Drugs that prolong QT interval: Potential pharmacologic interaction (additive effects on QT interval prolongation). Avoid concomitant use with class IA (e.g., quinidine, procainamide) or class III (e.g., amiodarone, sotalol) antiarrhythmic agents. Use with caution in patients receiving other drug that prolong the QT interval (e.g., cisapride, erythromycin, antipsychotic agents, tricyclic antidepressants).
Corticosteroids: Concomitant use of corticosteroids increases the risk of severe tendon disorders (e.g., tendinitis, tendon rupture), especially in geriatric patients older than 60 years of age.
Digoxin: No clinically important effect on pharmacokinetics of either drug.
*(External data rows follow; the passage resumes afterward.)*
lemma span_sandwich:
  fixes S :: "'a::real_algebra set"
  assumes J: "subspace J" and S: "\<And>p q a. p \<in> S \<Longrightarrow> q \<in> S \<Longrightarrow> p * a * q \<in> J"
    and "p \<in> span S" "q \<in> span S"
  shows "p * a * q \<in> J"
proof -
  have left: "x * a * q \<in> J" if "x \<in> S" for x
    using \<open>q \<in> span S\<close>
  proof (induction rule: span_induct_alt)
    case base then show ?case by (simp add: subspace_0[OF J])
  next
    case (step c z w)
    then show ?case using S[OF that step(1)]
      by (simp add: distrib_left subspace_add[OF J] subspace_scale[OF J])
  qed
  show ?thesis
    using \<open>p \<in> span S\<close>
  proof (induction rule: span_induct_alt)
    case base then show ?case by (simp add: subspace_0[OF J])
  next
    case (step c x y)
    then show ?case using left[OF step(1)]
      by (simp add: distrib_right subspace_add[OF J] subspace_scale[OF J])
  qed
qed

lemma in_subspace_of_row_column_sums:
  fixes T :: "nat \<Rightarrow> nat \<Rightarrow> 'a::real_vector"
  assumes sub: "subspace J"
    and column_sums: "\<And>j. j \<le> M \<Longrightarrow> (\<Sum>i\<le>M. T i j) \<in> J"
    and row_sums: "\<And>i. i < M \<Longrightarrow> (\<Sum>j\<le>M. T i j) \<in> J"
    and last_row: "\<And>j. j \<le> M \<Longrightarrow> T M j = K"
  shows "K \<in> J"
proof -
  have "(\<Sum>i\<le>M. \<Sum>j\<le>M. T i j) = (\<Sum>i<M. \<Sum>j\<le>M. T i j) + real (Suc M) *\<^sub>R K"
    using last_row by (simp add: lessThan_Suc_atMost[symmetric] sum_constant_scaleR algebra_simps)
  moreover have "(\<Sum>i\<le>M. \<Sum>j\<le>M. T i j) = (\<Sum>j\<le>M. \<Sum>i\<le>M. T i j)"
    by (rule sum.swap)
  ultimately have "real (Suc M) *\<^sub>R K = (\<Sum>j\<le>M. \<Sum>i\<le>M. T i j) - (\<Sum>i<M. \<Sum>j\<le>M. T i j)"
    by simp
  also have "\<dots> \<in> J"
    using column_sums row_sums
    by (auto intro: subspace_diff[OF sub] subspace_sum[OF sub])
  finally have "inverse (real (Suc M)) *\<^sub>R (real (Suc M) *\<^sub>R K) \<in> J"
    by (rule subspace_scale[OF sub])  \<comment> \<open>characteristic 0\<close>
  then show ?thesis by simp
qed

lemma higman_lemma:
  fixes x y z :: "'a::real_algebra"
  assumes J: "alg_ideal J" and powers: "\<forall>x. word_prod (replicate (Suc M) x) \<in> J" and "M \<ge> 1"
  shows "word_prod (replicate M x @ [z] @ replicate M y) \<in> J"
proof -
  have sub: "subspace J" using J by (rule alg_ideal_subspace)
  \<comment> \<open>Columns of \<open>T\<close> are insertion sums of \<open>x\<close>, rows other than the last contain an insertion sum
    of \<open>y\<close>, and the last row is constantly \<open>x^M z y^M\<close>.\<close>
  define T where "T i j = word_prod (replicate i x @ [z] @ replicate j y @ replicate (M - i) x @ replicate (M - j) y)"
    for i j
  define K where "K = word_prod (replicate M x @ [z] @ replicate M y)"
  have column_sums: "(\<Sum>i\<le>M. T i j) \<in> J" if "j \<le> M" for j
  proof (cases "j = M")
    case True
    then have "(\<Sum>i\<le>M. T i j) = insertion_sum M x ([z] @ replicate M y)"
      unfolding insertion_sum_def T_def by simp
    then show ?thesis using insertion_sum_in_subspace[OF sub powers] by simp
  next
    case False
    then have "replicate (M - j) y \<noteq> []" using that by simp
    then have "T i j = word_prod (replicate i x @ ([z] @ replicate j y) @ replicate (M - i) x)
        * word_prod (replicate (M - j) y)" for i
      unfolding T_def by (simp flip: word_prod_append)
    then have "(\<Sum>i\<le>M. T i j) = insertion_sum M x ([z] @ replicate j y) * word_prod (replicate (M - j) y)"
      unfolding insertion_sum_def sum_distrib_right by simp
    then show ?thesis
      using insertion_sum_in_subspace[OF sub powers] alg_ideal_mult_right[OF J] by simp
  qed
  have row_sums: "(\<Sum>j\<le>M. T i j) \<in> J" if "i < M" for i
  proof -
    have "T i j = word_prod (replicate i x @ [z])
        * word_prod (replicate j y @ replicate (M - i) x @ replicate (M - j) y)" for j
      unfolding T_def using that by (simp flip: word_prod_append)
    then have "(\<Sum>j\<le>M. T i j) = word_prod (replicate i x @ [z]) * insertion_sum M y (replicate (M - i) x)"
      unfolding insertion_sum_def sum_distrib_left by simp
    then show ?thesis
      using insertion_sum_in_subspace[OF sub powers, of "replicate (M - i) x" y] that
        alg_ideal_mult_left[OF J] by simp
  qed
  have last_row: "T M j = K" if "j \<le> M" for j
  proof -
    have "replicate j y @ replicate (M - j) y = replicate M y"
      using that by (simp flip: replicate_add)
    then show ?thesis unfolding T_def K_def by simp
  qed
  show ?thesis
    using in_subspace_of_row_column_sums[OF sub column_sums row_sums last_row] by (simp add: K_def)
qed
Dosage adjustment of moxifloxacin or digoxin not necessary.
Warfarin: No evidence of pharmacokinetic interactions. Careful monitoring of PT, INR, or other suitable coagulation tests in patients receiving concomitant warfarin and moxifloxacin is recommended.
Store below 30°C. Preserve in a hermetic containers.
Shelf-Life: 2 years.
J01MA14 - moxifloxacin ; Belongs to the class of fluoroquinolones. Used in the systemic treatment of infections.
Infusion (transparent, yellow aqueous solution in a non-PVC bag) 400 mg/250 mL x 1's.